Music for me encapsulates what I can't write about. It reminds me of a moment I had with a class of students a few years back where one girl asked the class to describe what jasmine smells like. The normally talkative class became silent. We tried to explain to her, but our words failed us. Certain things are beyond words. I get a similar feeling of blocked articulation whenever I listen to music, particularly classical music and my favourite, Chopin.

I used to find this frustrating, I used to take it as a sign that I'm just not a good enough writer. And I may not be a good enough writer, but that's probably not the point. The point is, maybe I'm supposed to skirt around the edges of this music, rather than fully penetrate it or understand it. In fact, some of the most prolific and enjoyable writing I've produced is ironically about the things I cannot write about.

I personally think this is why we write about love so much. Not simply because it's a fairly universal topic, but also because it's a feeling that cannot be expressed in words, but yet still compels expression. Rather than fully articulating the experience of love and desire, we skirt around its edges, we create many metaphors to probe around it, and we ultimately fail. But in failing, we produce some of the best literature.
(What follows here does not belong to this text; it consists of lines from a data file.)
lemma unstable_if_growing_function:
  fixes \<Phi> :: "'a::metric_space \<Rightarrow> 'a" and V :: "'a \<Rightarrow> real"
  assumes "0 < r" "0 < \<rho>"
    and bounded: "\<And>x. dist x xs < r \<Longrightarrow> V x \<le> B"
    and growth: "\<And>x. dist x xs < r \<Longrightarrow> (1 + \<rho>) * V x \<le> V (\<Phi> x)"
    and positive: "\<And>d. 0 < d \<Longrightarrow> \<exists>x. dist x xs < d \<and> 0 < V x"
  shows "unstable \<Phi> xs"
  unfolding unstable_def
proof
  assume "lyap_stable \<Phi> xs"
  then obtain d where "0 < d" and stay: "\<And>x k. dist x xs < d \<Longrightarrow> dist ((\<Phi> ^^ k) x) xs < r"
    using \<open>0 < r\<close> unfolding lyap_stable_def by blast
  obtain x where x: "dist x xs < d" "0 < V x"
    using positive[OF \<open>0 < d\<close>] by blast
  have grows: "(1 + \<rho>) ^ k * V x \<le> V ((\<Phi> ^^ k) x)" for k
  proof (induction k)
    case (Suc k)
    have "(1 + \<rho>) ^ Suc k * V x \<le> (1 + \<rho>) * V ((\<Phi> ^^ k) x)"
      using Suc.IH \<open>0 < \<rho>\<close> by (simp add: mult.assoc mult_left_mono)
    also have "\<dots> \<le> V ((\<Phi> ^^ Suc k) x)"
      using growth[OF stay[OF x(1)]] by simp
    finally show ?case .
  qed simp
  have "1 < 1 + \<rho>"
    using \<open>0 < \<rho>\<close> by simp
  then obtain k where "B / V x < (1 + \<rho>) ^ k"
    using real_arch_pow by blast
  then have "B < (1 + \<rho>) ^ k * V x"
    using x(2) by (simp add: field_simps)
  then show False
    using grows[of k] bounded[OF stay[OF x(1), of k]] by linarith
qed

section \<open>Gradient and Hessian\<close>

lemma has_derivative_remainder_bound:
  assumes "(F has_derivative F') (at x)" and "0 < e"
  obtains d where "0 < d" "\<And>y. norm (y - x) < d \<Longrightarrow> norm (F y - F x - F' (y - x)) \<le> e * norm (y - x)"
  using assms unfolding has_derivative_at_alt by blast

locale gradient_hessian =
  fixes f :: "real^'n::finite \<Rightarrow> real"
    and g :: "real^'n \<Rightarrow> real^'n"
    and H :: "real^'n \<Rightarrow> real^'n^'n"
  assumes gradient: "\<And>x. (f has_derivative (\<lambda>h. g x \<bullet> h)) (at x)"
    and hessian: "\<And>x. (g has_derivative (\<lambda>h. H x *v h)) (at x)"
begin

lemma has_real_derivative_along_line:
  "((\<lambda>t. f (a + t *\<^sub>R b)) has_real_derivative (g (a + t *\<^sub>R b) \<bullet> b)) (at t)"
proof -
  have "((\<lambda>t. a + t *\<^sub>R b) has_derivative (\<lambda>s. s *\<^sub>R b)) (at t)"
    by (auto intro!: derivative_eq_intros)
  from has_derivative_compose[OF this gradient]
  show ?thesis
    by (rule has_derivative_imp_has_field_derivative) (simp add: o_def)
qed

lemma mean_value_along_line:
  assumes "0 < s"
  obtains \<xi> where "0 < \<xi>" "\<xi> < s" "f (a + s *\<^sub>R b) - f a = s * (g (a + \<xi> *\<^sub>R b) \<bullet> b)"
  using MVT2[OF assms, of "\<lambda>t. f (a + t *\<^sub>R b)", OF has_real_derivative_along_line] that
  by auto

lemma mean_value_along_parallel_lines:
  assumes "0 < s"
  obtains \<xi> where "0 < \<xi>" "\<xi> < s"
    "(f (a + s *\<^sub>R b) - f (c + s *\<^sub>R b)) - (f a - f c) = s * ((g (a + \<xi> *\<^sub>R b) - g (c + \<xi> *\<^sub>R b)) \<bullet> b)"
proof -
  have "((\<lambda>t. f (a + t *\<^sub>R b) - f (c + t *\<^sub>R b)) has_real_derivative
      ((g (a + t *\<^sub>R b) - g (c + t *\<^sub>R b)) \<bullet> b)) (at t)" for t
    using DERIV_diff[OF has_real_derivative_along_line has_real_derivative_along_line]
    by (simp add: inner_diff_left)
  from MVT2[OF assms, of "\<lambda>t. f (a + t *\<^sub>R b) - f (c + t *\<^sub>R b)", OF this] that
  show ?thesis by auto
qed
(* Let $\mu>0$, $\alpha>0$, $f(x)=xe^{-x}$ for $x\ge 0$, and let $\beta\in L^\infty_+(0,+\infty)$ satisfy $\int_0^{\infty}\beta(a)e^{-\mu a}\,da=1$. Let $u_0\in L^1_+((0,+\infty),\mathbb{R})$, set $U_0=\int_0^\infty u_0(a)\,da$ and $\Lambda=\frac{\alpha}{\mu}\sup_{x\ge 0}f(x)$. Let $u(t,a)$ be the solution of $$\partial_t u+\partial_a u=-\mu u\ (t>0,a>0),\qquad u(t,0)=\alpha f\Big(\int_0^\infty\beta(a)u(t,a)\,da\Big)\ (t>0),\qquad u(0,\cdot)=u_0,$$ and for $\delta_+=1$ and $\delta_-=e^{-\|\beta\|_{L^\infty}\max(U_0,\Lambda)}$ let $u_\pm(t,a)$ be the solutions of the linear problems $$\partial_t u_\pm+\partial_a u_\pm=-\mu u_\pm\ (a\ge 0,t\ge 0),\qquad u_\pm(t,0)=\alpha\delta_\pm\int_0^{\infty}\beta(a)u_\pm(t,a)\,da,\qquad u_\pm(0,\cdot)=u_0.$$ Then $u_-(t,a)\le u(t,a)\le u_+(t,a)$ for all $t\ge 0$ and almost every $a\ge 0$.
   Context: Solutions are understood in the integrated (along characteristics) sense: $u(t,a)=e^{-\mu t}u_0(a-t)$ if $a\ge t$ and $u(t,a)=e^{-\mu a}b(t-a)$ if $a\le t$, where $b$ is the unique continuous solution of the Volterra equation $b(t)=\alpha f\big(\int_t^\infty\beta(a)e^{-\mu t}u_0(a-t)\,da+\int_0^t\beta(a)e^{-\mu a}b(t-a)\,da\big)$, $t\ge 0$. The linear problems are solved in the same way with $\alpha f(\cdot)$ replaced by $\alpha\delta_\pm\,(\cdot)$. *)

theory Defs
  imports "HOL-Analysis.Analysis"
begin

definition f_ricker :: "real \<Rightarrow> real" where
  "f_ricker x = x * exp (- x)"

definition Linf_norm :: "(real \<Rightarrow> real) \<Rightarrow> real" where
  "Linf_norm g = Inf {C. AE a in lborel. a > 0 \<longrightarrow> \<bar>g a\<bar> \<le> C}"

text \<open>The argument of the boundary condition, expressed via the birth rate b
  (integrated along characteristics).\<close>
definition birth_input ::
  "(real \<Rightarrow> real) \<Rightarrow> real \<Rightarrow> (real \<Rightarrow> real) \<Rightarrow> (real \<Rightarrow> real) \<Rightarrow> real \<Rightarrow> real" where
  "birth_input \<beta> \<mu> u0 b t =
     (LINT a:{t..}|lborel. \<beta> a * exp (- \<mu> * t) * u0 (a - t))
   + (LINT a:{0..t}|lborel. \<beta> a * exp (- \<mu> * a) * b (t - a))"

definition is_birth_rate ::
  "(real \<Rightarrow> real) \<Rightarrow> real \<Rightarrow> (real \<Rightarrow> real) \<Rightarrow> (real \<Rightarrow> real) \<Rightarrow> (real \<Rightarrow> real) \<Rightarrow> bool" where
  "is_birth_rate G \<mu> \<beta> u0 b \<longleftrightarrow>
     continuous_on {0..} b \<and> (\<forall>t\<ge>0. b t = G (birth_input \<beta> \<mu> u0 b t))"

definition age_sol ::
  "real \<Rightarrow> (real \<Rightarrow> real) \<Rightarrow> (real \<Rightarrow> real) \<Rightarrow> real \<Rightarrow> real \<Rightarrow> real" where
  "age_sol \<mu> u0 b t a =
     (if a \<ge> t then exp (- \<mu> * t) * u0 (a - t) else exp (- \<mu> * a) * b (t - a))"

end

theory Submission
  imports Defs
begin

text \<open>All three birth rates solve Volterra equations b = G (J + k * b) with the same kernel
  k a = \<beta> a exp (- \<mu> a), the same nonnegative input J coming from u0, and G x = \<alpha> f x,
  \<alpha> x and \<alpha> \<delta> x respectively; along characteristics u is monotone in b. A Gronwall
  argument for the positive part of p - q gives a comparison principle: if
  p - q \<le> L (k * p - k * q) wherever p > q, then p \<le> q. Since f x \<le> x this yields b \<le> bp.
  Comparing with 0 shows b \<ge> 0, hence b \<le> \<alpha> sup f, and then the argument x = J + k * b of f
  stays in [0, R] with R = Linf_norm \<beta> * max U0 \<Lambda> and \<delta> = exp (- R), where
  f x = x exp (- x) \<ge> \<delta> x; this gives bm \<le> b.\<close>

section \<open>Lebesgue measure on the half line\<close>

lemma set_integral_exp_neg_Icc:
  fixes c t :: real
  assumes "c > 0" and "t \<ge> 0"
  shows "(LINT a:{0..t}|lborel. exp (- c * a)) = (1 - exp (- c * t)) / c"
proof -
  have "(LINT a:{0..t}|lborel. exp (- c * a)) = - exp (- c * t) / c - (- exp (- c * 0) / c)"
    unfolding set_lebesgue_integral_def
    using assms
    by (intro integral_FTC_atLeastAtMost)
       (auto intro!: derivative_eq_intros continuous_intros
             simp: has_real_derivative_iff_has_vector_derivative[symmetric])
  then show ?thesis
    by (simp add: diff_divide_distrib)
qed

lemma AE_lborel_translate:
  fixes t :: real
  assumes "AE x in lborel. P x"
  shows "AE x in lborel. P (x - t)"
proof -
  obtain N where N: "{x \<in> space lborel. \<not> P x} \<subseteq> N" "emeasure lborel N = 0" "N \<in> sets lborel"
    using assms by (auto elim!: AE_E)
  show ?thesis
    by (rule AE_I'[OF null_sets_translation[of N t]]) (use N in auto)
qed
lemma E_clause_chore_allocated:
  assumes ce: "competitive_equilibrium (E_agents n cls) (E_chores n cls)
               (E_dis cls \<tau> \<epsilon>) (E_earn cls \<epsilon> \<epsilon>') \<tau> p X"
    and "r < length cls" "i \<in> fst ` set (cls ! r)"
  obtains c where "c \<in> {CA r i, CBold r}" "c \<in> E_agents n cls" "X c (CM r i) > 0"
proof -
  have S: "{CA r i, CBold r} \<subseteq> E_agents n cls" and m: "CM r i \<in> E_chores n cls"
    using assms unfolding E_agents_def E_chores_def by auto
  have "\<forall>a\<in>E_agents n cls - {CA r i, CBold r}. \<not> E_dis cls \<tau> \<epsilon> a (CM r i) < \<tau>"
  proof
    fix a assume "a \<in> E_agents n cls - {CA r i, CBold r}"
    then show "\<not> E_dis cls \<tau> \<epsilon> a (CM r i) < \<tau>"
      by (cases a) (auto simp: clause_dis_def)
  qed
  then show ?thesis using ce_chore_allocated[OF ce S m] S that by blast
qed

lemma valid_3sat_literalD:
  assumes "valid_3sat n cls" "r < length cls" and lit: "(i, pol) \<in> set (cls ! r)"
  shows "i < n" and "(i, \<not> pol) \<notin> set (cls ! r)"
proof -
  have inj: "inj_on fst (set (cls ! r))" and bound: "\<forall>l\<in>set (cls ! r). fst l < n"
    using assms unfolding valid_3sat_def by (auto simp: distinct_map)
  show "i < n" using bound lit by auto
  show "(i, \<not> pol) \<notin> set (cls ! r)"
  proof
    assume "(i, \<not> pol) \<in> set (cls ! r)"
    then have "(i, \<not> pol) = (i, pol)" using inj lit by (metis fst_conv inj_on_def)
    then show False by simp
  qed
qed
I'm starting to see failure as productive, and perhaps even necessary for my writing. When I listened to some Chopin on the weekend, I was once again filled with this intense desire to explain to someone, somehow, what this music makes me feel. I wanted to make my feelings visible with words, to bring the notes to light, to make someone else witness my feelings by making them external. But the best I could do was come up with a few metaphors, a few symbols, a few descriptive passages of imagery inspired by the music. I sat back in my chair, waiting for that familiar feeling of disappointment when I can't seem to capture in words a strong emotion. But you know what? It didn't come. Instead, I asked myself this question: what would happen if I were able to capture this emotion, would I be happy then? The answer was a definitive 'no'.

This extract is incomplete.